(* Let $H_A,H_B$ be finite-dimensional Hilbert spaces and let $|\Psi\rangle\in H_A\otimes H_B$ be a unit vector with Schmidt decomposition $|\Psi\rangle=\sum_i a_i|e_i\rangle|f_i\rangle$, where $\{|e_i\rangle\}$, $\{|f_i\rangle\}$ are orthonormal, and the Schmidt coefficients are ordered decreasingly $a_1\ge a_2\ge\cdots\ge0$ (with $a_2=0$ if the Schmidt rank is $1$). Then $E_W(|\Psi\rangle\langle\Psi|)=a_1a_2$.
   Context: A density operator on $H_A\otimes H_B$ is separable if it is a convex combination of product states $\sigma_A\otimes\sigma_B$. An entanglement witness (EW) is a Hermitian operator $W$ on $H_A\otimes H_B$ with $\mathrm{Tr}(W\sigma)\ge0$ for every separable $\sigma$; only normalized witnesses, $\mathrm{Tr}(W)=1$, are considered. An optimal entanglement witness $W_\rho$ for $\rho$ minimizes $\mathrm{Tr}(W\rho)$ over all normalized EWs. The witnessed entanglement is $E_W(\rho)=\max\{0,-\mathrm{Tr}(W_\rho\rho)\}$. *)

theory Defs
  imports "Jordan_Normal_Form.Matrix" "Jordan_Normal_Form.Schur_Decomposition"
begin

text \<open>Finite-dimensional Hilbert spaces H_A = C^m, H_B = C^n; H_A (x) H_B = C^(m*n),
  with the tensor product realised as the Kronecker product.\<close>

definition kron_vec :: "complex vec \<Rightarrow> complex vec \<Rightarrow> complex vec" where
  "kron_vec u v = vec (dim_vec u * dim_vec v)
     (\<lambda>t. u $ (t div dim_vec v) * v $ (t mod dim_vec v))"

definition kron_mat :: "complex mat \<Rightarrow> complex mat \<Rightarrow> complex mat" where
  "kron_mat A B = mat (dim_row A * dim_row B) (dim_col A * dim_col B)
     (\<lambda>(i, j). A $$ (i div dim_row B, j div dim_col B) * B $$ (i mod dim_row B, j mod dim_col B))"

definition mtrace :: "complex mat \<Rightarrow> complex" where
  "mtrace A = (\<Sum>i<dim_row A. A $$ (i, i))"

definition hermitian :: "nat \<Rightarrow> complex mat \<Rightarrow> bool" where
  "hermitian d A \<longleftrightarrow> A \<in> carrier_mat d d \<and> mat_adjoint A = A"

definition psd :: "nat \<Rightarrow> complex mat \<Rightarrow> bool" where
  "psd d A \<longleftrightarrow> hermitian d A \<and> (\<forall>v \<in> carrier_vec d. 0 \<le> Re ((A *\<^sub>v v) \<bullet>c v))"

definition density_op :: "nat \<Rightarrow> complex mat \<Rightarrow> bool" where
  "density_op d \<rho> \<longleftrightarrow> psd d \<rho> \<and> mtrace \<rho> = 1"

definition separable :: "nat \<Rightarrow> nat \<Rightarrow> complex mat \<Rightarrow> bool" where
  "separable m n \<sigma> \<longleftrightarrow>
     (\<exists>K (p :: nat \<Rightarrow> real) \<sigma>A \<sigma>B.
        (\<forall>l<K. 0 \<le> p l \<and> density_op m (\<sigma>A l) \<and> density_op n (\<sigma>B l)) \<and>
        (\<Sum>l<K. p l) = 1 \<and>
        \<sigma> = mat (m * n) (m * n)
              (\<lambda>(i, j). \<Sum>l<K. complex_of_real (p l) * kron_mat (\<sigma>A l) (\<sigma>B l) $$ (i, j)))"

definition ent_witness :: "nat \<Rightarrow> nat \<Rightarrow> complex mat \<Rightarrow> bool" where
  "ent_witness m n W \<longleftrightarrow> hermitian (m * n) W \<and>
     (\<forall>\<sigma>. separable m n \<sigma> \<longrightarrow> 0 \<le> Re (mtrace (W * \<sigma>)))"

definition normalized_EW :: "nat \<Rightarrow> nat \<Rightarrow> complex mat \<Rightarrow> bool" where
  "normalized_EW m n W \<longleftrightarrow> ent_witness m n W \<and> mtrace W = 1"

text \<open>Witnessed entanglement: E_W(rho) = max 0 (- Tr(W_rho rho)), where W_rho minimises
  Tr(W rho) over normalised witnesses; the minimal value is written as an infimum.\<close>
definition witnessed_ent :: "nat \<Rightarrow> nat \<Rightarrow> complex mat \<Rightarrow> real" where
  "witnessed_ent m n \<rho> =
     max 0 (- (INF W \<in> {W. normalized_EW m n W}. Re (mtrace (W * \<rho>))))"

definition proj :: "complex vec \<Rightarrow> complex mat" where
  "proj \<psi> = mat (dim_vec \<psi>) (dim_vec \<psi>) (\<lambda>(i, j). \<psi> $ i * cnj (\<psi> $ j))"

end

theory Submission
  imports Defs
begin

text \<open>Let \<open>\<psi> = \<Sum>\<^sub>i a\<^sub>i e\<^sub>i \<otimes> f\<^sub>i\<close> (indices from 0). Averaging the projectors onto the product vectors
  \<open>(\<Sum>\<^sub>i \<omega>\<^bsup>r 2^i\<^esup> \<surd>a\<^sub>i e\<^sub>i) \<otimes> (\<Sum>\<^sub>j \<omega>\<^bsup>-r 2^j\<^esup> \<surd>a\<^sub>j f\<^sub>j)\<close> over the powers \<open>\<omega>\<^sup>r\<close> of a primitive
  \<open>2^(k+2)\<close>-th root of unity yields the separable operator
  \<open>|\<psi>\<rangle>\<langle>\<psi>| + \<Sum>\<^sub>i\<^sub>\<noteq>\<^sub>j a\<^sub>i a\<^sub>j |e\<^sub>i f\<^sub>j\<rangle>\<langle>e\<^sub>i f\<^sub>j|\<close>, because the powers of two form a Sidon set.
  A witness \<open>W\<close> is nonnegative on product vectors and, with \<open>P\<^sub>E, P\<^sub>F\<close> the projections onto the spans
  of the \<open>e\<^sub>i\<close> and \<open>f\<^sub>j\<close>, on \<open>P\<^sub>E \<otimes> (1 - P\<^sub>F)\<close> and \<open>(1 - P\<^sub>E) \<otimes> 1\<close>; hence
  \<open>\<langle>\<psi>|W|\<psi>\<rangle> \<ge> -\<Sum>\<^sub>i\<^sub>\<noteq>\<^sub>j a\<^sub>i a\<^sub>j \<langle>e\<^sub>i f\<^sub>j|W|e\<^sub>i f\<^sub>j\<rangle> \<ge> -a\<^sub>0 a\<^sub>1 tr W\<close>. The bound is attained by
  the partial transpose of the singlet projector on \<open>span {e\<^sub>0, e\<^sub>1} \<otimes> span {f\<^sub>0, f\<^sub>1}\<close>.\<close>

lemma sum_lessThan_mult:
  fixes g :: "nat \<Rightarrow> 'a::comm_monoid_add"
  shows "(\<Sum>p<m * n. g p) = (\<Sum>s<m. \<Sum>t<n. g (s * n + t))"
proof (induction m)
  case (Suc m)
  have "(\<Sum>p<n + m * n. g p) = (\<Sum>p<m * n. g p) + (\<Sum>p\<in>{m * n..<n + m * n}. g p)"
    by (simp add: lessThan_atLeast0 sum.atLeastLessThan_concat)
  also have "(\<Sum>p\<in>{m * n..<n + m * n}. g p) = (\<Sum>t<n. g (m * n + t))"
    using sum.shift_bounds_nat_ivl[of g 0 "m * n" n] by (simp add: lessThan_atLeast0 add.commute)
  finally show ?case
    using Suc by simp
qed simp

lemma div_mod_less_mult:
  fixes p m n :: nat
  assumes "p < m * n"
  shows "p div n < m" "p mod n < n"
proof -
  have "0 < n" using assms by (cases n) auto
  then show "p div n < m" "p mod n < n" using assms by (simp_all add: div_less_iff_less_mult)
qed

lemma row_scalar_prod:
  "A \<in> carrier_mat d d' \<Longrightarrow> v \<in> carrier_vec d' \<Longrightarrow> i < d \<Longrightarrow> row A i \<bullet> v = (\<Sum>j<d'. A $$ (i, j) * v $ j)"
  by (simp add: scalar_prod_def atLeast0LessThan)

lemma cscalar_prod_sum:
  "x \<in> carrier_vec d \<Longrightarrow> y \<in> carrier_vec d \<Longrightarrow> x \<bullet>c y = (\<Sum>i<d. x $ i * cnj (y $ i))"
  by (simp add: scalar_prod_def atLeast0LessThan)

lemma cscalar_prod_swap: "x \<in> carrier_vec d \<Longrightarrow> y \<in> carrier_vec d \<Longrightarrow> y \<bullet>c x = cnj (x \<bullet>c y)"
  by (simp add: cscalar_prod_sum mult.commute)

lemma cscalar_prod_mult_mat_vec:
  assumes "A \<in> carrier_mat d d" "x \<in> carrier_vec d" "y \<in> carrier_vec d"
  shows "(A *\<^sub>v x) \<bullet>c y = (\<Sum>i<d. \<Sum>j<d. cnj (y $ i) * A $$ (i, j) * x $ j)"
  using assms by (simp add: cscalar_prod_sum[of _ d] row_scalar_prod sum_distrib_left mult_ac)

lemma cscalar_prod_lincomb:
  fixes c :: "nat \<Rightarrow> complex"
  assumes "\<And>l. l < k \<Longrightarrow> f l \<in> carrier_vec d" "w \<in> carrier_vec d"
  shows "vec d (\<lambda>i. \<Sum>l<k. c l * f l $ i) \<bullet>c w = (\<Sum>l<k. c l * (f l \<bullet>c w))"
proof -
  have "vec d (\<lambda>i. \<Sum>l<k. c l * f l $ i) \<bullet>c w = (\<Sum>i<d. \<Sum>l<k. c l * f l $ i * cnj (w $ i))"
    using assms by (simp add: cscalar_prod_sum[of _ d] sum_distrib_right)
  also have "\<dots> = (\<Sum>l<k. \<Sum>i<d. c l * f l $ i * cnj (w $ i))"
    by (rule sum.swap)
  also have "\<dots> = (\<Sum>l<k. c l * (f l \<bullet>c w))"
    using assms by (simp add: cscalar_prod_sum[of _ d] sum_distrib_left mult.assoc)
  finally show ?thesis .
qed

· · · · ·

■ Activity: Above are the records; from them, give again exactly the lines from the one containing "text \<open>Finite-dimensional Hilbert" through the one containing "n \<sigma> \<longleftrightarrow>", both included.

■ Solution for this problem:
text \<open>Finite-dimensional Hilbert spaces H_A = C^m, H_B = C^n; H_A (x) H_B = C^(m*n),
  with the tensor product realised as the Kronecker product.\<close>

definition kron_vec :: "complex vec \<Rightarrow> complex vec \<Rightarrow> complex vec" where
  "kron_vec u v = vec (dim_vec u * dim_vec v)
     (\<lambda>t. u $ (t div dim_vec v) * v $ (t mod dim_vec v))"

definition kron_mat :: "complex mat \<Rightarrow> complex mat \<Rightarrow> complex mat" where
  "kron_mat A B = mat (dim_row A * dim_row B) (dim_col A * dim_col B)
     (\<lambda>(i, j). A $$ (i div dim_row B, j div dim_col B) * B $$ (i mod dim_row B, j mod dim_col B))"

definition mtrace :: "complex mat \<Rightarrow> complex" where
  "mtrace A = (\<Sum>i<dim_row A. A $$ (i, i))"

definition hermitian :: "nat \<Rightarrow> complex mat \<Rightarrow> bool" where
  "hermitian d A \<longleftrightarrow> A \<in> carrier_mat d d \<and> mat_adjoint A = A"

definition psd :: "nat \<Rightarrow> complex mat \<Rightarrow> bool" where
  "psd d A \<longleftrightarrow> hermitian d A \<and> (\<forall>v \<in> carrier_vec d. 0 \<le> Re ((A *\<^sub>v v) \<bullet>c v))"

definition density_op :: "nat \<Rightarrow> complex mat \<Rightarrow> bool" where
  "density_op d \<rho> \<longleftrightarrow> psd d \<rho> \<and> mtrace \<rho> = 1"

definition separable :: "nat \<Rightarrow> nat \<Rightarrow> complex mat \<Rightarrow> bool" where
  "separable m n \<sigma> \<longleftrightarrow>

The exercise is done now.